The new bloc reportedly decided that “social justice” would not be its central plank given that Prime Minister Narendra Modi is himself trying to appropriate the Other Backward Class mantle. If the bloc invests some imagination into the task, it could create a novel political platform.

A personal angle has also emerged, with the impending marriage of Mulayam’s grandnephew and Mainpuri MP Tej Pratap, and Lalu’s youngest daughter Raj Laxmi. This reconciliation is politically significant because Lalu Prasad and Mulayam Singh were bitter rivals after the RJD chief scuttled the latter’s chances of becoming the Prime Minister in 1997.

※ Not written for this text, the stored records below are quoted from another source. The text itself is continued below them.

(* Let ${}^*$ be a nonstandard enlargement. Then there is an infinite nonstandard natural number $k\in{}^*\mathbb N$ such that ${}^*\sin(kt)$ is infinitesimal for all standard reals $t$.
   Context: A nonstandard universe is an embedding ${}^*$ of the superstructure $V(X)$ over a base set $X\supseteq\mathbb R$ into a superstructure $V(Y)$ with ${}^*X=Y$, ${}^*x=x$ for $x\in X$, $A\subsetneq{}^*A$ for every infinite $A\subseteq X$, satisfying transfer for bounded ($\Sigma_0$) formulas. A set $B\in V(Y)$ is hyperfinite if $B\in{}^*P^{\mathrm{fin}}(A)$ for some $A\in V(X)$, where $P^{\mathrm{fin}}(A)$ is the set of finite subsets of $A$. The universe is an enlargement if for every $A\in V(X)\setminus X$ there is a hyperfinite $B$ with $\{{}^*a:a\in A\}\subseteq B$. A nonstandard natural number is infinite if it is not standard; a nonstandard real is infinitesimal if its absolute value is below every standard $1/n$. *)

theory Defs
  imports Complex_Main
begin

text \<open>A superstructure V(X) over a base set X of urelements (of type 'a) is represented
on a HOL type 'v: atm embeds the base set as the atoms, els gives the elements
(members) of an object.\<close>

record ('a, 'v) sstr =
  base :: "'a set"
  atm  :: "'a \<Rightarrow> 'v"
  els  :: "'v \<Rightarrow> 'v set"

definition isAtom :: "('a, 'v) sstr \<Rightarrow> 'v \<Rightarrow> bool" where
  "isAtom S v \<longleftrightarrow> v \<in> atm S ` base S"

primrec lev :: "('a, 'v) sstr \<Rightarrow> nat \<Rightarrow> 'v set" where
  "lev S 0 = atm S ` base S"
| "lev S (Suc n) = lev S n \<union> {v. \<not> isAtom S v \<and> els S v \<subseteq> lev S n}"

text \<open>S represents (up to isomorphism) the full superstructure V(X) = \<Union>n. V_n(X):
atoms are distinct, atoms have no members, every object lies in some level,
sets are extensional, and every subset of a level is represented by a set.\<close>
definition superstructure :: "('a, 'v) sstr \<Rightarrow> bool" where
  "superstructure S \<longleftrightarrow>
     inj_on (atm S) (base S)
   \<and> (\<forall>v. isAtom S v \<longrightarrow> els S v = {})
   \<and> (\<forall>v. \<exists>n. v \<in> lev S n)
   \<and> (\<forall>v w. \<not> isAtom S v \<longrightarrow> \<not> isAtom S w \<longrightarrow> els S v = els S w \<longrightarrow> v = w)
   \<and> (\<forall>n A. A \<subseteq> lev S n \<longrightarrow> (\<exists>v. \<not> isAtom S v \<and> els S v = A))"

definition code :: "('a, 'v) sstr \<Rightarrow> 'v set \<Rightarrow> 'v" where
  "code S A = (THE v. \<not> isAtom S v \<and> els S v = A)"

datatype 'c tm = Var nat | Cst 'c

datatype 'c fm =
    Mem "'c tm" "'c tm"
  | Eq "'c tm" "'c tm"
  | Neg "'c fm"
  | Conj "'c fm" "'c fm"
  | BAll nat "'c tm" "'c fm"   \<comment> \<open>\<forall>x_n \<in> t. \<phi>\<close>

primrec evt :: "(nat \<Rightarrow> 'v) \<Rightarrow> 'v tm \<Rightarrow> 'v" where
  "evt env (Var n) = env n"
| "evt env (Cst c) = c"

primrec sat :: "('a, 'v) sstr \<Rightarrow> (nat \<Rightarrow> 'v) \<Rightarrow> 'v fm \<Rightarrow> bool" where
  "sat S env (Mem a b) = (evt env a \<in> els S (evt env b))"
| "sat S env (Eq a b) = (evt env a = evt env b)"
| "sat S env (Neg \<phi>) = (\<not> sat S env \<phi>)"
| "sat S env (Conj \<phi> \<psi>) = (sat S env \<phi> \<and> sat S env \<psi>)"
| "sat S env (BAll n t \<phi>) = (\<forall>x \<in> els S (evt env t). sat S (env(n := x)) \<phi>)"

text \<open>star : V(X) \<rightarrow> V(Y); rl embeds the reals into the base set X (X \<supseteq> \<real>).\<close>
definition nonstandard_universe ::
  "('a, 'v) sstr \<Rightarrow> ('a, 'w) sstr \<Rightarrow> ('v \<Rightarrow> 'w) \<Rightarrow> (real \<Rightarrow> 'a) \<Rightarrow> bool" where
  "nonstandard_universe S T star rl \<longleftrightarrow>
     superstructure S \<and> superstructure T
   \<and> inj rl \<and> range rl \<subseteq> base S
   \<and> base S \<subseteq> base T
   \<and> els T (star (code S (atm S ` base S))) = atm T ` base T
   \<and> (\<forall>x \<in> base S. star (atm S x) = atm T x)
   \<and> (\<forall>A. A \<subseteq> base S \<longrightarrow> infinite A \<longrightarrow>
          atm T ` A \<subset> els T (star (code S (atm S ` A))))
   \<and> (\<forall>\<phi> env. sat S env \<phi> \<longleftrightarrow> sat T (star \<circ> env) (map_fm star \<phi>))"

text \<open>B is hyperfinite iff B \<in> *P^fin(A) for some set A \<in> V(X).\<close>
definition hyperfinite :: "('a, 'v) sstr \<Rightarrow> ('a, 'w) sstr \<Rightarrow> ('v \<Rightarrow> 'w) \<Rightarrow> 'w \<Rightarrow> bool" where
  "hyperfinite S T star B \<longleftrightarrow>
     (\<exists>A. \<not> isAtom S A \<and>
        B \<in> els T (star (code S {s. \<not> isAtom S s \<and> finite (els S s) \<and> els S s \<subseteq> els S A})))"

definition enlargement :: "('a, 'v) sstr \<Rightarrow> ('a, 'w) sstr \<Rightarrow> ('v \<Rightarrow> 'w) \<Rightarrow> bool" where
  "enlargement S T star \<longleftrightarrow>
     (\<forall>A. \<not> isAtom S A \<longrightarrow> (\<exists>B. hyperfinite S T star B \<and> star ` els S A \<subseteq> els T B))"

definition isPair :: "('a, 'v) sstr \<Rightarrow> 'v \<Rightarrow> 'v \<Rightarrow> 'v \<Rightarrow> bool" where
  "isPair S p a b \<longleftrightarrow> (\<exists>s1 s2. \<not> isAtom S p \<and> \<not> isAtom S s1 \<and> \<not> isAtom S s2 \<and>
      els S p = {s1, s2} \<and> els S s1 = {a} \<and> els S s2 = {a, b})"

abbreviation ratom :: "('a, 'v) sstr \<Rightarrow> (real \<Rightarrow> 'a) \<Rightarrow> real \<Rightarrow> 'v" where
  "ratom S rl x \<equiv> atm S (rl x)"

definition graph1 :: "('a, 'v) sstr \<Rightarrow> (real \<Rightarrow> 'a) \<Rightarrow> (real \<Rightarrow> real) \<Rightarrow> 'v" where
  "graph1 S rl f = code S {p. \<exists>x. isPair S p (ratom S rl x) (ratom S rl (f x))}"

definition graph2 :: "('a, 'v) sstr \<Rightarrow> (real \<Rightarrow> 'a) \<Rightarrow> (real \<Rightarrow> real \<Rightarrow> real) \<Rightarrow> 'v" where
  "graph2 S rl f = code S {p. \<exists>x y q. isPair S q (ratom S rl x) (ratom S rl y) \<and>
                                    isPair S p q (ratom S rl (f x y))}"

definition rel2 :: "('a, 'v) sstr \<Rightarrow> (real \<Rightarrow> 'a) \<Rightarrow> (real \<Rightarrow> real \<Rightarrow> bool) \<Rightarrow> 'v" where
  "rel2 S rl R = code S {p. \<exists>x y. R x y \<and> isPair S p (ratom S rl x) (ratom S rl y)}"

definition starApp1 ::
  "('a, 'v) sstr \<Rightarrow> ('a, 'w) sstr \<Rightarrow> ('v \<Rightarrow> 'w) \<Rightarrow> (real \<Rightarrow> 'a) \<Rightarrow> (real \<Rightarrow> real) \<Rightarrow> 'w \<Rightarrow> 'w \<Rightarrow> bool" where
  "starApp1 S T star rl f a b \<longleftrightarrow> (\<exists>p \<in> els T (star (graph1 S rl f)). isPair T p a b)"

definition starApp2 ::
  "('a, 'v) sstr \<Rightarrow> ('a, 'w) sstr \<Rightarrow> ('v \<Rightarrow> 'w) \<Rightarrow> (real \<Rightarrow> 'a) \<Rightarrow> (real \<Rightarrow> real \<Rightarrow> real)
     \<Rightarrow> 'w \<Rightarrow> 'w \<Rightarrow> 'w \<Rightarrow> bool" where
  "starApp2 S T star rl f a b c \<longleftrightarrow>
     (\<exists>p \<in> els T (star (graph2 S rl f)). \<exists>q. isPair T q a b \<and> isPair T p q c)"

definition starRel ::
  "('a, 'v) sstr \<Rightarrow> ('a, 'w) sstr \<Rightarrow> ('v \<Rightarrow> 'w) \<Rightarrow> (real \<Rightarrow> 'a) \<Rightarrow> (real \<Rightarrow> real \<Rightarrow> bool)
     \<Rightarrow> 'w \<Rightarrow> 'w \<Rightarrow> bool" where
  "starRel S T star rl R a b \<longleftrightarrow> (\<exists>p \<in> els T (star (rel2 S rl R)). isPair T p a b)"

definition starNat :: "('a, 'v) sstr \<Rightarrow> ('a, 'w) sstr \<Rightarrow> ('v \<Rightarrow> 'w) \<Rightarrow> (real \<Rightarrow> 'a) \<Rightarrow> 'w set" where
  "starNat S T star rl = els T (star (code S (atm S ` rl ` \<nat>)))"

definition starReal :: "('a, 'v) sstr \<Rightarrow> ('a, 'w) sstr \<Rightarrow> ('v \<Rightarrow> 'w) \<Rightarrow> (real \<Rightarrow> 'a) \<Rightarrow> 'w set" where
  "starReal S T star rl = els T (star (code S (atm S ` range rl)))"

text \<open>A nonstandard real x is infinitesimal: *|x| *< 1/n for every standard n \<ge> 1
(standard reals are fixed by *, so *(1/n) is the atom 1/n).\<close>
definition infinitesimal ::
  "('a, 'v) sstr \<Rightarrow> ('a, 'w) sstr \<Rightarrow> ('v \<Rightarrow> 'w) \<Rightarrow> (real \<Rightarrow> 'a) \<Rightarrow> 'w \<Rightarrow> bool" where
  "infinitesimal S T star rl x \<longleftrightarrow>
     x \<in> starReal S T star rl \<and>
     (\<forall>n::nat. n \<ge> 1 \<longrightarrow> (\<exists>a. starApp1 S T star rl abs x a \<and>
         starRel S T star rl (<) a (atm T (rl (1 / real n)))))"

The bloc currently commands 15 MPs in the Lok Sabha and 25 in the Rajya Sabha. If eventually the reconstituted Janata Parivar can rope in Odisha’s Biju Janata Dal, a former member, its strength would rise by 27 MPs, of which 20 of them are from the Lok Sabha. The inclusion of the BJD could give the bloc a real political heft.

Three factors have played a major role in catalyzing this attempt at the union of the Janata Parivar. Two negative ones are the severe setbacks these parties have suffered at the hands of the BJP in the Hindi belt, particularly Uttar Pradesh, Bihar, and now Haryana; and second, the exhaustion of their identity-based caste-oriented “social justice” politics over the past decade or more. A positive factor is that they stand to gain a great deal from coordinating their electoral efforts. For instance, in Bihar, if the JD(U) and RJD were to join forces, their combined vote would be 47 per cent of the total, well above the 39 per cent polled by the BJP-led alliance in the last Lok Sabha. This would enable them to win 28 of Bihar’s 40 seats. The situation is less favourable in UP, where Ajit Singh’s Rashtriya Lok Dal still remains allied with the Congress and the Bahujan Samaj Party is loath to join forces with SP. Nevertheless, the new bloc could have a positive impact even within UP in facilitating new social coalitions.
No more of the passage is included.